Uma playlist aleatória tocava sem parar nos alto-falantes abafados da cafeteria, e Drica rodava uma caneta nos dedos hábeis.
O dia estava estranho. Pouca clientela, abafado, nublado, mas sem chuva, e ela perdia-se na movimentação da marola no porto, hipnotizada pelos barcos balançando na água. A caneta rabiscou nos papéis, às vezes palavras aleatórias, às vezes rachuras despretenciosas, e ela já não sabia o que estava escrevendo quando o sino da porta se abrindo tocou.

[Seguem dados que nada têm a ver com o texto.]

section \<open>psi-bar on Phi_N\<close>

lemma (in group) additive_mod_agree_on_generate:
  fixes f g :: "'a \<Rightarrow> int"
  assumes H: "subgroup H G" and "S \<subseteq> H"
    and f: "\<And>x y. x \<in> H \<Longrightarrow> y \<in> H \<Longrightarrow> [f (x \<otimes> y) = f x + f y] (mod m)"
    and g: "\<And>x y. x \<in> H \<Longrightarrow> y \<in> H \<Longrightarrow> [g (x \<otimes> y) = g x + g y] (mod m)"
    and "\<And>s. s \<in> S \<Longrightarrow> [f s = g s] (mod m)"
    and "x \<in> generate G S"
  shows "[f x = g x] (mod m)"
proof -
  define h where "h x = f x - g x" for x
  define K where "K = {x \<in> H. m dvd h x}"
  have h: "m dvd h (x \<otimes> y) - h x - h y" if "x \<in> H" "y \<in> H" for x y
    using cong_diff[OF f[OF that] g[OF that]]
    by (simp add: h_def cong_iff_dvd_diff algebra_simps)
  have h_one: "m dvd h \<one>"
    using h[OF subgroup.one_closed[OF H] subgroup.one_closed[OF H]] H
    by (simp add: subgroup.mem_carrier)
  have "subgroup K G"
  proof (rule subgroupI)
    show "K \<subseteq> carrier G" using H by (auto simp: K_def subgroup.mem_carrier)
    have "\<one> \<in> K" using h_one H by (simp add: K_def subgroup.one_closed)
    then show "K \<noteq> {}" by blast
  next
    fix x
    assume x: "x \<in> K"
    then have "inv x \<in> H" "x \<in> carrier G"
      using H by (auto simp: K_def subgroup.mem_carrier subgroup.m_inv_closed)
    then have "m dvd h \<one> - h (inv x) - h x" using h[of "inv x" x] x by (simp add: K_def)
    moreover have "m dvd h x" using x by (simp add: K_def)
    ultimately have "m dvd h \<one> - (h \<one> - h (inv x) - h x) - h x"
      by (rule dvd_diff[OF dvd_diff[OF h_one]])
    then show "inv x \<in> K" using \<open>inv x \<in> H\<close> by (simp add: K_def)
  next
    fix x y
    assume "x \<in> K" "y \<in> K"
    then have "m dvd (h (x \<otimes> y) - h x - h y) + h x + h y"
      using h[of x y] by (intro dvd_add) (simp_all add: K_def)
    then show "x \<otimes> y \<in> K"
      using \<open>x \<in> K\<close> \<open>y \<in> K\<close> subgroup.m_closed[OF H] by (simp add: K_def)
  qed
  moreover have "S \<subseteq> K"
    using assms(2,5) by (auto simp: K_def h_def cong_iff_dvd_diff)
  ultimately have "x \<in> K"
    using generate_subgroup_incl assms(6) by blast
  then show ?thesis by (simp add: K_def h_def cong_iff_dvd_diff)
qed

Drica olhou para cima, erguendo os olhos do papel, para ver a primeira cliente daquela tarde. Zoe estava suada, a pele negra corada nas bochechas e os cabelos trançados presos em um coque alto. Ela abriu um sorriso travesso ao entrar e largou a mochila em uma cadeira logo à porta. Caminhou arrastando-se até a bancada e sentou-se na frente da colega de quarto.
– O que faz aqui? – Drica indagou, batendo a tampa da caneta na mesa repetidamente.
– Que flor do campo! – Zoe zombou. – Achei que fosse um raio de sol, Gabriela.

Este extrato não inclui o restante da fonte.